(* Let $m=2n$, let $B$ be a real skew-symmetric $m\times m$ matrix with trivial kernel, let $p\ge2$, $\theta\in\mathbb R$, and let $d$ be a regular positive homogeneous function on $\mathcal G$. Then, in the sense of distributions on $\mathcal G\setminus\{0\}$: (i) $\displaystyle \mathrm{Div}_{\mathcal G}\!\left(\frac{t}{d^{p\theta+1}}\,B^{-1}\nabla_{\mathcal G}d\right)=-\frac12\,\frac{\langle z,\nabla_{\mathcal G}d\rangle}{d^{p\theta+1}}+n\,\frac{t}{d^{p\theta+1}}\,\partial_td$; (ii) $\displaystyle \mathrm{Div}_{\mathcal G}\!\left(\frac{z}{d^{p\theta}}\right)=\frac{2n}{d^{p\theta}}-\frac{p\theta}{d^{p\theta+1}}\langle z,\nabla_{\mathcal G}d\rangle$.
   Context: $\mathcal G$ is $\mathbb R^m\times\mathbb R$ with coordinates $(z,t)$, group law $(z,t)\circ(\eta,\tau)=(z+\eta,t+\tau+\tfrac12\langle Bz,\eta\rangle)$, dilations $\delta_\gamma(z,t)=(\gamma z,\gamma^2t)$. Horizontal vector fields $X_i=\partial_{z_i}+\tfrac12(Bz)_i\partial_t$, $\nabla_{\mathcal G}u=(X_1u,\dots,X_mu)$; horizontal vector fields are identified with $\mathbb R^m$-valued functions via this basis (so e.g. $z$ denotes $\sum_i z_iX_i$). For a horizontal field $V=\sum V_iX_i$, $\mathrm{Div}_{\mathcal G}V=\sum_iX_iV_i$, understood distributionally as $\langle \mathrm{Div}_{\mathcal G}V,\phi\rangle=-\int\langle V,\nabla_{\mathcal G}\phi\rangle$. $L=\{z=0\}$. A continuous $d:\mathbb R^{m+1}\to[0,\infty)$ is positive homogeneous if $d(\delta_\lambda(z,t))=\lambda d(z,t)$ for $\lambda>0$ and $d>0$ off the origin; it is regular if (d.1) $d\in C^\infty(\mathcal G\setminus L)$; (d.2) $\nabla_{\mathcal G}d,\partial_td\in L^\infty_{\mathrm{loc}}(\mathcal G\setminus\{0\})$; (d.3) for a.e. $t$, $\lim_{|z|\to0}\langle z/|z|,B^{-1}\nabla_{\mathcal G}d\rangle=0$. *)

theory Defs
  imports "HOL-Analysis.Analysis"
begin

text \<open>Points of the group are pairs (z,t) with z in real^'m and t real.
  B is an m x m real matrix (type real^'m^'m).\<close>

fun Ck_on :: "nat \<Rightarrow> 'a::euclidean_space set \<Rightarrow> ('a \<Rightarrow> real) \<Rightarrow> bool" where
  "Ck_on 0 S f = continuous_on S f"
| "Ck_on (Suc k) S f =
     ((\<forall>x\<in>S. f differentiable (at x)) \<and>
      (\<forall>v. Ck_on k S (\<lambda>x. frechet_derivative f (at x) v)))"
lemma proj_in_cube: "proj n x \<in> cube n"
  unfolding proj_def cube_def by auto

lemma proj_cube_id: "y \<in> cube n \<Longrightarrow> proj n y = y"
  unfolding proj_def cube_def by (auto simp: fun_eq_iff)

lemma clamp_contraction:
  "\<bar>min 1 (max 0 a) - min 1 (max 0 b)\<bar> \<le> \<bar>a - b :: real\<bar>"
  unfolding min_def max_def by (simp add: abs_le_iff) linarith

lemma proj_contraction: "\<bar>proj n x i - proj n y i\<bar> \<le> \<bar>x i - y i\<bar>"
  unfolding proj_def using clamp_contraction by simp

definition cell :: "nat \<Rightarrow> vec \<Rightarrow> vec \<Rightarrow> vec set" where
  "cell n x v = {y. \<forall>i<n. \<bar>y i - x i\<bar> \<le> v i}"

lemma cell_halve_subset:
  assumes "\<bar>d\<bar> = v I / 2"
  shows "cell n (x(I := x I + d)) (v(I := v I / 2)) \<subseteq> cell n x v"
proof
  fix y assume y: "y \<in> cell n (x(I := x I + d)) (v(I := v I / 2))"
  have "\<bar>y i - x i\<bar> \<le> v i" if "i < n" for i
  proof (cases "i = I")
    case True
    have "\<bar>y I - (x I + d)\<bar> \<le> v I / 2" using y that True unfolding cell_def by auto
    moreover have "\<bar>y I - x I\<bar> \<le> \<bar>y I - (x I + d)\<bar> + \<bar>d\<bar>"
      using abs_triangle_ineq[of "y I - (x I + d)" d] by simp
    ultimately show ?thesis unfolding True using assms by linarith
  next
    case False
    then show ?thesis using y that unfolding cell_def by auto
  qed
  then show "y \<in> cell n x v" unfolding cell_def by blast
qed

lemma cell_halve_cover:
  assumes "y \<in> cell n x v"
  shows "y \<in> cell n (x(I := x I + v I / 2)) (v(I := v I / 2))
       \<or> y \<in> cell n (x(I := x I - v I / 2)) (v(I := v I / 2))"
proof (cases "x I \<le> y I")
  case True
  then have "y \<in> cell n (x(I := x I + v I / 2)) (v(I := v I / 2))"
    using assms unfolding cell_def by (auto simp: abs_le_iff)
  then show ?thesis ..
next
  case False
  then have "y \<in> cell n (x(I := x I - v I / 2)) (v(I := v I / 2))"
    using assms unfolding cell_def by (auto simp: abs_le_iff)
  then show ?thesis ..
qed

lemma split_cands_cover:
  assumes "y \<in> cell n x v"
  obtains x' v' s' where "(x', v', s') \<in># split_cands n L x v fa" and "y \<in> cell n x' v'"
  using cell_halve_cover[OF assms, of "split_index n v"] that
  unfolding split_cands_eq[OF refl] by auto
theorem theorem1p3:
  fixes K :: "'a::euclidean_space set" and f :: "nat \<Rightarrow> 'a" and i :: nat
  assumes "convex_body K"
    and "inj_on f {1..DIM('a)}" and "independent (f ` {1..DIM('a)})"
    and "1 \<le> i" and "i \<le> DIM('a)"
    and "\<forall>I. I \<subseteq> {1..DIM('a)} \<and> card I = i \<longrightarrow>
           aff_dim (K \<inter> span (f ` I)) = int i"
  shows "covering_minimum i K (lattice_of f DIM('a)) \<le>
    Max {covering_radius_in (span (f ` I)) (K \<inter> span (f ` I))
           (lattice_of f DIM('a) \<inter> span (f ` I)) | I. I \<subseteq> {1..DIM('a)} \<and> card I = i}"
proof -
  let ?\<Lambda> = "lattice_of f DIM('a)"
  let ?cr = "\<lambda>I. covering_radius_in (span (f ` I)) (K \<inter> span (f ` I)) (?\<Lambda> \<inter> span (f ` I))"
  let ?M = "Max {?cr I | I. I \<subseteq> {1..DIM('a)} \<and> card I = i}"
  have "convex K" using assms(1) unfolding convex_body_def by blast
  have indep: "independent (f ` I)" and dim_section: "aff_dim (K \<inter> span (f ` I)) = card I"
    if "I \<subseteq> {1..DIM('a)}" and "card I = i" for I
    using independent_mono[OF assms(3) image_mono[OF that(1)]] assms(6) that by auto
  have "finite {?cr I | I. I \<subseteq> {1..DIM('a)} \<and> card I = i}"
    by (rule finite_subset[of _ "?cr ` Pow {1..DIM('a)}"]) auto
  then have cr_le_M: "?cr I \<le> ?M" if "I \<subseteq> {1..DIM('a)}" and "card I = i" for I
    using that by (intro Max_ge) auto
  have "{1..i} \<subseteq> {1..DIM('a)}" and "card {1..i} = i" using assms(5) by auto
  then have "0 \<le> ?cr {1..i}"
    using exists_dilate_plus_covering_coordinate_section[OF \<open>convex K\<close> assms(2)] indep dim_section
    by (simp add: covering_radius_in_nonneg)
  then have "0 \<le> ?M" using cr_le_M[OF \<open>{1..i} \<subseteq> {1..DIM('a)}\<close> \<open>card {1..i} = i\<close>] by simp
  then show ?thesis
  proof (rule covering_minimum_le)
    fix \<mu> and U :: "'a set"
    assume "?M < \<mu>" and U: "affine U" "U \<noteq> {}" "aff_dim U = int (DIM('a) - i)"
    then obtain I where I: "I \<subseteq> {1..DIM('a)}" "card I = i" and "U \<inter> span (f ` I) \<noteq> {}"
      using affine_meets_coordinate_span[OF assms(2,3) U assms(5)] by blast
    moreover have "span (f ` I) \<subseteq> dilate_plus \<mu> K ?\<Lambda>"
      using coordinate_span_subset_dilate_plus[OF \<open>convex K\<close> assms(2) I(1) indep[OF I] dim_section[OF I]]
        cr_le_M[OF I] \<open>?M < \<mu>\<close> by simp
    ultimately show "dilate_plus \<mu> K ?\<Lambda> \<inter> U \<noteq> {}" by blast
  qed
qed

■ WHAT NEEDS TO BE DONE
In the listing above, find the line holding "unfolding proj_def cube_def by auto" and the line holding "(max 0 b)\<bar>", then output those two lines and every line between them exactly.

■ WRITTEN SOLUTION
  unfolding proj_def cube_def by auto

lemma proj_cube_id: "y \<in> cube n \<Longrightarrow> proj n y = y"
  unfolding proj_def cube_def by (auto simp: fun_eq_iff)

lemma clamp_contraction:
  "\<bar>min 1 (max 0 a) - min 1 (max 0 b)\<bar> \<le> \<bar>a - b :: real\<bar>"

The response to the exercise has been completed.